Personal information
- Born: June 9, 1986 (age 40) Frankfurt, West Germany
- Listed height: 6 ft 1 in (1.85 m)
- Listed weight: 315 lb (143 kg)

Career information
- High school: Woodrow Wilson (Beckley, West Virginia, U.S.)
- College: Marshall (2004–2007)
- NFL draft: 2008: undrafted

Career history
- Pittsburgh Steelers (2008−2012); Buffalo Bills (2013); San Diego Chargers (2014); Pittsburgh Steelers (2015);

Awards and highlights
- Super Bowl champion (XLIII); 3× All-Conference USA (2005–2007);

Career NFL statistics
- Games played: 75
- Games started: 30
- Stats at Pro Football Reference

= Doug Legursky =

American football player (born 1986)

Wayne Douglas Legursky II (born June 9, 1986) is an American former professional football player who was a center in the National Football League (NFL). He was signed by the Steelers as an undrafted free agent in 2008. He played college football for the Marshall Thundering Herd.
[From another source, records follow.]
lemma Kab_deg_Inl: "i < a \<Longrightarrow> deg (Kab_V a b) Kab_E (Inl i) = b"
proof -
  have "{w \<in> Kab_V a b. Kab_E (Inl i) w} = Inr ` {..<b}" by (auto simp: Kab_V_def Kab_E_def)
  then show ?thesis by (simp add: deg_def card_image)
qed

lemma Kab_deg_Inr: "j < b \<Longrightarrow> deg (Kab_V a b) Kab_E (Inr j) = a"
proof -
  have "{w \<in> Kab_V a b. Kab_E (Inr j) w} = Inl ` {..<a}" by (auto simp: Kab_V_def Kab_E_def)
  then show ?thesis by (simp add: deg_def card_image)
qed

lemma Kab_pstep_Inl:
  assumes "i < a"
  shows "pstep (Kab_V a b) Kab_E f (Inl i) =
    (if b \<le> f (Inl i) then f (Inl i) - b else f (Inl i)) + card {j. j < b \<and> a \<le> f (Inr j)}"
proof -
  have "{w \<in> Kab_V a b. Kab_E (Inl i) w \<and> deg (Kab_V a b) Kab_E w \<le> f w} = Inr ` {j. j < b \<and> a \<le> f (Inr j)}"
    using Kab_deg_Inr[unfolded Kab_V_def, of _ b a] by (auto simp: Kab_V_def Kab_E_def)
  then show ?thesis using assms Kab_deg_Inl[OF assms] by (simp add: pstep_def Kab_V_def card_image)
qed

lemma Kab_pstep_Inr:
  assumes "j < b"
  shows "pstep (Kab_V a b) Kab_E f (Inr j) =
    (if a \<le> f (Inr j) then f (Inr j) - a else f (Inr j)) + card {i. i < a \<and> b \<le> f (Inl i)}"
proof -
  have "{w \<in> Kab_V a b. Kab_E (Inr j) w \<and> deg (Kab_V a b) Kab_E w \<le> f w} = Inl ` {i. i < a \<and> b \<le> f (Inl i)}"
    using Kab_deg_Inl[unfolded Kab_V_def, of _ a b] by (auto simp: Kab_V_def Kab_E_def)
  then show ?thesis using assms Kab_deg_Inr[OF assms] by (simp add: pstep_def Kab_V_def card_image)
qed

definition Kab_orbit :: "nat \<Rightarrow> nat \<Rightarrow> (nat + nat \<Rightarrow> nat) \<Rightarrow> nat \<Rightarrow> nat + nat \<Rightarrow> nat" where
  "Kab_orbit a b \<sigma> t = (pstep (Kab_V a b) Kab_E ^^ t) \<sigma>"

lemma Kab_orbit_game:
  assumes "1 \<le> a" "1 \<le> b"
  shows "bipartite_game a b (\<lambda>t i. Kab_orbit a b \<sigma> (t + t0) (Inl i)) (\<lambda>t j. Kab_orbit a b \<sigma> (t + t0) (Inr j))"
  using assms by unfold_locales (simp_all add: Kab_orbit_def Kab_pstep_Inl Kab_pstep_Inr)

lemma Kab_orbit_eqI:
  assumes "\<And>i. i < a \<Longrightarrow> Kab_orbit a b \<sigma> s (Inl i) = Kab_orbit a b \<sigma> t (Inl i)"
    and "\<And>j. j < b \<Longrightarrow> Kab_orbit a b \<sigma> s (Inr j) = Kab_orbit a b \<sigma> t (Inr j)"
  shows "Kab_orbit a b \<sigma> s = Kab_orbit a b \<sigma> t"
proof
  fix v
  show "Kab_orbit a b \<sigma> s v = Kab_orbit a b \<sigma> t v"
  proof (cases "v \<in> Kab_V a b")
    case True
    then show ?thesis using assms by (auto simp: Kab_V_def)
  next
    case False
    then show ?thesis by (simp add: Kab_orbit_def pstep_outside)
  qed
qed

text \<open>Piles never exceed their initial size or twice their degree, so the orbit is finite.\<close>

lemma Kab_orbit_finite:
  assumes "1 \<le> a" "1 \<le> b"
  shows "finite (range (Kab_orbit a b \<sigma>))"
proof -
  let ?V = "Kab_V a b"
  define M where "M = (\<Sum>v\<in>?V. \<sigma> v) + 2 * a + 2 * b"
  interpret bipartite_game a b "\<lambda>t i. Kab_orbit a b \<sigma> t (Inl i)" "\<lambda>t j. Kab_orbit a b \<sigma> t (Inr j)"
    using Kab_orbit_game[OF assms, of \<sigma> 0] by simp
  have fin: "finite ?V" by (simp add: Kab_V_def)
  have init: "\<sigma> v \<le> (\<Sum>v\<in>?V. \<sigma> v)" if "v \<in> ?V" for v by (rule member_le_sum[OF that _ fin]) simp
  have "Kab_orbit a b \<sigma> t v \<le> M" if "v \<in> ?V" for t v
  proof -
    from that consider (left) i where "i < a" "v = Inl i" | (right) j where "j < b" "v = Inr j"
      by (auto simp: Kab_V_def)
    then have "Kab_orbit a b \<sigma> t v \<le> max (\<sigma> v) (2 * a + 2 * b)"
    proof cases
      case left
      then show ?thesis using x_le_max[OF left(1), of t] by (auto simp: Kab_orbit_def)
    next
      case right
      then show ?thesis using dual.x_le_max[OF right(1), of t] by (auto simp: Kab_orbit_def)
    qed
    then show ?thesis using init[OF that] by (auto simp: M_def)
  qed
  then have "range (Kab_orbit a b \<sigma>) \<subseteq> {g. (\<forall>v\<in>?V. g v \<le> M) \<and> (\<forall>v. v \<notin> ?V \<longrightarrow> g v = \<sigma> v)}"
    by (auto simp: Kab_orbit_def pstep_outside)
  then show ?thesis using finite_functions_bounded_on[OF fin] by (rule finite_subset)
qed

lemma Kab_period_le:
  assumes "1 \<le> a" "1 \<le> b" "0 < q"
    and "bipartite_game.repeats a b (\<lambda>t i. Kab_orbit a b \<sigma> (t + t0) (Inl i))
           (\<lambda>t j. Kab_orbit a b \<sigma> (t + t0) (Inr j)) t2 q"
  shows "period (Kab_V a b) Kab_E \<sigma> \<le> q"
proof (rule period_le[OF assms(3), of "t2 + t0"], intro allI impI)
  interpret bipartite_game a b "\<lambda>t i. Kab_orbit a b \<sigma> (t + t0) (Inl i)" "\<lambda>t j. Kab_orbit a b \<sigma> (t + t0) (Inr j)"
    by (rule Kab_orbit_game[OF assms(1,2)])
  fix t assume "t2 + t0 \<le> t"
  define u where "u = t - t0"
  have u: "t = u + t0" "t2 \<le> u" using \<open>t2 + t0 \<le> t\<close> by (simp_all add: u_def)
  have "\<forall>t\<ge>t2. (\<forall>i<a. Kab_orbit a b \<sigma> (t + q + t0) (Inl i) = Kab_orbit a b \<sigma> (t + t0) (Inl i))
      \<and> (\<forall>j<b. Kab_orbit a b \<sigma> (t + q + t0) (Inr j) = Kab_orbit a b \<sigma> (t + t0) (Inr j))"
    using assms(4) by (simp add: repeats_def)
  then have "Kab_orbit a b \<sigma> (u + q + t0) = Kab_orbit a b \<sigma> (u + t0)"
    using u(2) by (intro Kab_orbit_eqI) auto
  then show "(pstep (Kab_V a b) Kab_E ^^ (t + q)) \<sigma> = (pstep (Kab_V a b) Kab_E ^^ t) \<sigma>"
    using u(1) by (simp add: Kab_orbit_def algebra_simps)
qed

theorem corollary3p6:
  fixes a b :: nat and \<sigma> :: "nat + nat \<Rightarrow> nat"
  assumes "a \<ge> 1" and "b \<ge> 1"
  shows "(odd (period (Kab_V a b) Kab_E \<sigma>) \<longrightarrow> period (Kab_V a b) Kab_E \<sigma> \<le> min a b)
       \<and> (even (period (Kab_V a b) Kab_E \<sigma>) \<longrightarrow> period (Kab_V a b) Kab_E \<sigma> \<le> 2 * min a b)"
proof -
  let ?P = "period (Kab_V a b) Kab_E \<sigma>"
  have "\<exists>p>0. \<exists>T. \<forall>t\<ge>T. (pstep (Kab_V a b) Kab_E ^^ (t + p)) \<sigma> = (pstep (Kab_V a b) Kab_E ^^ t) \<sigma>"
    by (rule eventually_periodic_orbit[OF Kab_orbit_finite[OF assms, of \<sigma>, unfolded Kab_orbit_def[abs_def]]])
  then obtain T0 where "0 < ?P" and T0: "\<forall>t\<ge>T0. Kab_orbit a b \<sigma> (t + ?P) = Kab_orbit a b \<sigma> t"
    using period_is_eventual_period unfolding Kab_orbit_def by blast
  interpret game: bipartite_game a b "\<lambda>t i. Kab_orbit a b \<sigma> (t + T0) (Inl i)" "\<lambda>t j. Kab_orbit a b \<sigma> (t + T0) (Inr j)"
    by (rule Kab_orbit_game[OF assms])
  have "Kab_orbit a b \<sigma> (t + ?P + T0) = Kab_orbit a b \<sigma> (t + T0)" for t
    using T0[rule_format, of "t + T0"] by (simp add: ac_simps)
  then have per: "game.repeats 0 ?P" by (simp add: game.repeats_def)
  obtain \<nu>1 where \<nu>1: "0 < \<nu>1" "\<nu>1 \<le> a" "\<nu>1 dvd ?P" "game.repeats 2 (2 * \<nu>1)"
    using game.period_divisor_bound[OF per \<open>0 < ?P\<close>] by blast
  obtain \<nu>2 where \<nu>2: "0 < \<nu>2" "\<nu>2 \<le> b" "\<nu>2 dvd ?P" "game.repeats 2 (2 * \<nu>2)"
    using game.dual.period_divisor_bound[of ?P] per \<open>0 < ?P\<close> by (auto simp: game.repeats_dual)
  have "?P \<le> 2 * \<nu>1" using \<nu>1 by (intro Kab_period_le[OF assms _ \<nu>1(4)]) simp
  moreover have "?P \<le> 2 * \<nu>2" using \<nu>2 by (intro Kab_period_le[OF assms _ \<nu>2(4)]) simp
  moreover have "odd ?P \<Longrightarrow> ?P \<le> \<nu>1" "odd ?P \<Longrightarrow> ?P \<le> \<nu>2"
    using odd_multiple_le \<nu>1(3) \<nu>2(3) calculation by blast+
  ultimately show ?thesis using \<nu>1(2) \<nu>2(2) by auto
qed

end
Legursky also played for the Buffalo Bills and San Diego Chargers.

==Early life==
He played at Woodrow Wilson High School in Beckley, West Virginia. The 2003 Hunt Award Winner as the best lineman in the state of West Virginia, was awarded to Legursky. On September 4, 2009, Legursky was inducted to the Woodrow Wilson Football Hall Of Fame.

==College career==
He set two Marshall weight room records for the squat (705 lbs.) and the hang clean (430 lbs.) as a three-year starter at Marshall.

==Professional career==

===Pittsburgh Steelers (first stint)===
Legursky signed with the Pittsburgh Steelers as an undrafted free agent on April 28, 2008. He was released on June 28 but re-signed the following day. Legursky was released by the team during final cuts on August 30, but re-signed to the team's practice squad on October 1 after guard Kendall Simmons was placed on injured reserve.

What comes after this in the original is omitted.